Report back the lines in this listing that carry the string "Acceptance".

┌────────

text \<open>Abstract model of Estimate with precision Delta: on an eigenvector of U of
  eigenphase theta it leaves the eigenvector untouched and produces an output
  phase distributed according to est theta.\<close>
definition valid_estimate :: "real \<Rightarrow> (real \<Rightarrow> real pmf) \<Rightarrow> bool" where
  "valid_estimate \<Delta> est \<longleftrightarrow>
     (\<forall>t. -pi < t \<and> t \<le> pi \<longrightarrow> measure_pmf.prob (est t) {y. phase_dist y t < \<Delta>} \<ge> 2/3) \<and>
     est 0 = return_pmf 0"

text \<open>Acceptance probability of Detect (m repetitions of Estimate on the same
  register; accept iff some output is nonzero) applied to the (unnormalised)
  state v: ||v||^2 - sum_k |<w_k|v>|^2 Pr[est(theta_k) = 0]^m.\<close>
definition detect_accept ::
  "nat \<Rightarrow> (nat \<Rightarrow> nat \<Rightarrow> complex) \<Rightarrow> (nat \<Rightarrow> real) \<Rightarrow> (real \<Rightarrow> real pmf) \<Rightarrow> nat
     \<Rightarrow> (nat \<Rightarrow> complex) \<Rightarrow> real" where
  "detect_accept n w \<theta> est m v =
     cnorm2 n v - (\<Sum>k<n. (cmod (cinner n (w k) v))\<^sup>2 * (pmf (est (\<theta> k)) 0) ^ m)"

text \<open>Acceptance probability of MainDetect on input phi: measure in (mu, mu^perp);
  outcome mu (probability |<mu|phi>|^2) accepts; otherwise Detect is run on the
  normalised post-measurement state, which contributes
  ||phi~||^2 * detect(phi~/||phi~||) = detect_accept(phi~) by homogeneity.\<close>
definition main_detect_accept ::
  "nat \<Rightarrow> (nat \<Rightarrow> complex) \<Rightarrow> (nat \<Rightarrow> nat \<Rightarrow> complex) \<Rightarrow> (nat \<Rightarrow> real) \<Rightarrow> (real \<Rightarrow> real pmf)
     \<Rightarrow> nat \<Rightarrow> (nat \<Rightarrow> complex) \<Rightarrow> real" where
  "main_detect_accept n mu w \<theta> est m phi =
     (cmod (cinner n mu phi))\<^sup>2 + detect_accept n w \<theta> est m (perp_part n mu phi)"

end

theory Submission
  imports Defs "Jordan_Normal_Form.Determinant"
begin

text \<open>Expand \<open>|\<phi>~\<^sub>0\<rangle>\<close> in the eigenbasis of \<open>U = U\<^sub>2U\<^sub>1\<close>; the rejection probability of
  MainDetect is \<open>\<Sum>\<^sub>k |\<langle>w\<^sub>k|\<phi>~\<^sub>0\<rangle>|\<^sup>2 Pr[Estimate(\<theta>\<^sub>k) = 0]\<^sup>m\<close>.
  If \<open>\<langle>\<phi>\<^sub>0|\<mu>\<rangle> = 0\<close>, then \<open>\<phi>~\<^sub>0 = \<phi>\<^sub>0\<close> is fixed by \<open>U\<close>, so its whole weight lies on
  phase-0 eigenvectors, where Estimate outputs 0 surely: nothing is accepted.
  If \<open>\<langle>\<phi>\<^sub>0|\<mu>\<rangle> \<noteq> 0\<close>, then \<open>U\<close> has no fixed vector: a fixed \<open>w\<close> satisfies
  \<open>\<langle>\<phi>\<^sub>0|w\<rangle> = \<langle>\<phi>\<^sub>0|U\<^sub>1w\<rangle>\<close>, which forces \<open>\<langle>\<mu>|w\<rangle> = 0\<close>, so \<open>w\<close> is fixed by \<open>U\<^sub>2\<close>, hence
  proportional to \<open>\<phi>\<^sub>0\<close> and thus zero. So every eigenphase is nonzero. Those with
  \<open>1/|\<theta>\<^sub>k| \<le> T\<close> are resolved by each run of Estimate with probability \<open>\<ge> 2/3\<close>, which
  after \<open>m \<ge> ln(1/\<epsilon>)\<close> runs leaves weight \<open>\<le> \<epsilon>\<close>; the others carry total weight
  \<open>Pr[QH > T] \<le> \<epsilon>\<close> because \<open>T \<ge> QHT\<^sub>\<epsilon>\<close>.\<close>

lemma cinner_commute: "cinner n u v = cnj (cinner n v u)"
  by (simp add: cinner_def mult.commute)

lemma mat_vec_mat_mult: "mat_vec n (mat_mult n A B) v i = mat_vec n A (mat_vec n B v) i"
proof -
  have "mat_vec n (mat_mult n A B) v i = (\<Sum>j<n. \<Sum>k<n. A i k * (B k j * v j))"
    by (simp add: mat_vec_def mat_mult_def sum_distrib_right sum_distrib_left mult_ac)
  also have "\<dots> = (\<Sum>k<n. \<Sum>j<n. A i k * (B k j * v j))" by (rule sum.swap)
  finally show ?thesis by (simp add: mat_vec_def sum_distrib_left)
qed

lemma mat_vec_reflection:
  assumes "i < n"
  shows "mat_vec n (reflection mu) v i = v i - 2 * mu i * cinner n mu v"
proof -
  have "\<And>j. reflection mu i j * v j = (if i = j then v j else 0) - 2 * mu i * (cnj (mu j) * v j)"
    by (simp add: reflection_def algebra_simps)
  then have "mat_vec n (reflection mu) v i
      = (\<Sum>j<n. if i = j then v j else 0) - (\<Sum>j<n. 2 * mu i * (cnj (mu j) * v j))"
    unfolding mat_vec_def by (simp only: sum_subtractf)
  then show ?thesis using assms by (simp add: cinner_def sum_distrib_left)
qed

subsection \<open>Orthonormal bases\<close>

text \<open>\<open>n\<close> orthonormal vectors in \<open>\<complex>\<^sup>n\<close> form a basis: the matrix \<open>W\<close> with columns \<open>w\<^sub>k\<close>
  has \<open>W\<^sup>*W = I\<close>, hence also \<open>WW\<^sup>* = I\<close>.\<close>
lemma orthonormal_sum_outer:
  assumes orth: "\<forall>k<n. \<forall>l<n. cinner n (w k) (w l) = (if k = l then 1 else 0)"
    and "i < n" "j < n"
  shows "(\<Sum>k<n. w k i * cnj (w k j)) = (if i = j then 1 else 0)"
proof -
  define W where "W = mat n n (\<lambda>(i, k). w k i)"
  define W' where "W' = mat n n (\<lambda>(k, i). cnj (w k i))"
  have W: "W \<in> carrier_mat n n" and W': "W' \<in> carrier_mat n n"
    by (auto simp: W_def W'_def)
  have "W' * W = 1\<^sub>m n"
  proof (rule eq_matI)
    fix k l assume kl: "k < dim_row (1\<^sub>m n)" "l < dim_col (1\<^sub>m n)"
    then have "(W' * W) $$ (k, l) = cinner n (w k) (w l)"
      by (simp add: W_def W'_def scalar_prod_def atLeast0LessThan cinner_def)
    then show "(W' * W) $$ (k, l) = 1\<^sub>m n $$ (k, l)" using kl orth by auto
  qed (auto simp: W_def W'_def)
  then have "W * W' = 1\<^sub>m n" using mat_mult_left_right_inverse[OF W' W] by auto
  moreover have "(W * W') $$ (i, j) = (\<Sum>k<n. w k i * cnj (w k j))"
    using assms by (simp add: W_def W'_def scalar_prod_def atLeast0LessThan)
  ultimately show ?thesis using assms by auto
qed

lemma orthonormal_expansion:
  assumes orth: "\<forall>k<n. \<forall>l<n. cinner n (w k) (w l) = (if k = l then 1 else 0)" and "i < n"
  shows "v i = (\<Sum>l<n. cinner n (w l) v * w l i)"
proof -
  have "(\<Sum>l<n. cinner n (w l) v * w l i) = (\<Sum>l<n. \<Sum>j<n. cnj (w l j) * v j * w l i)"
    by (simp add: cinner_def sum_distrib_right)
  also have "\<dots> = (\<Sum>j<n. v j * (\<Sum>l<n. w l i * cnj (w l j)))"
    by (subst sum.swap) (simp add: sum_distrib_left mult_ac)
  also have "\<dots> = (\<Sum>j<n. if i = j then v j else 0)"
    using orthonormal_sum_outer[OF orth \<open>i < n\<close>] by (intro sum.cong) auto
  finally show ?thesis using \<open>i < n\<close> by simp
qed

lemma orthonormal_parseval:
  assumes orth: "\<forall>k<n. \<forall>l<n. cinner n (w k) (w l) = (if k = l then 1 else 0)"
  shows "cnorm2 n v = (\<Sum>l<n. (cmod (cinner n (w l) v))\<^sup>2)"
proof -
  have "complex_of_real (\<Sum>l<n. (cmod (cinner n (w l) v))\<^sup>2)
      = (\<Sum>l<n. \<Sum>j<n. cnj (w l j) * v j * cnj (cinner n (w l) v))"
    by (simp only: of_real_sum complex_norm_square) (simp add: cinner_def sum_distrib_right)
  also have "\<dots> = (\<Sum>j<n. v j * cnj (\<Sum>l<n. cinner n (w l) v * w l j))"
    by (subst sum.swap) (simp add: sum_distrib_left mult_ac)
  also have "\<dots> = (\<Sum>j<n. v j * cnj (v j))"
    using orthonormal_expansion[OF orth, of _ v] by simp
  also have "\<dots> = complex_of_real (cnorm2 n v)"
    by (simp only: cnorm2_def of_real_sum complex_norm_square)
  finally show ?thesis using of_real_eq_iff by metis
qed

└────────

Exercise answer:
text \<open>Acceptance probability of Detect (m repetitions of Estimate on the same
text \<open>Acceptance probability of MainDetect on input phi: measure in (mu, mu^perp);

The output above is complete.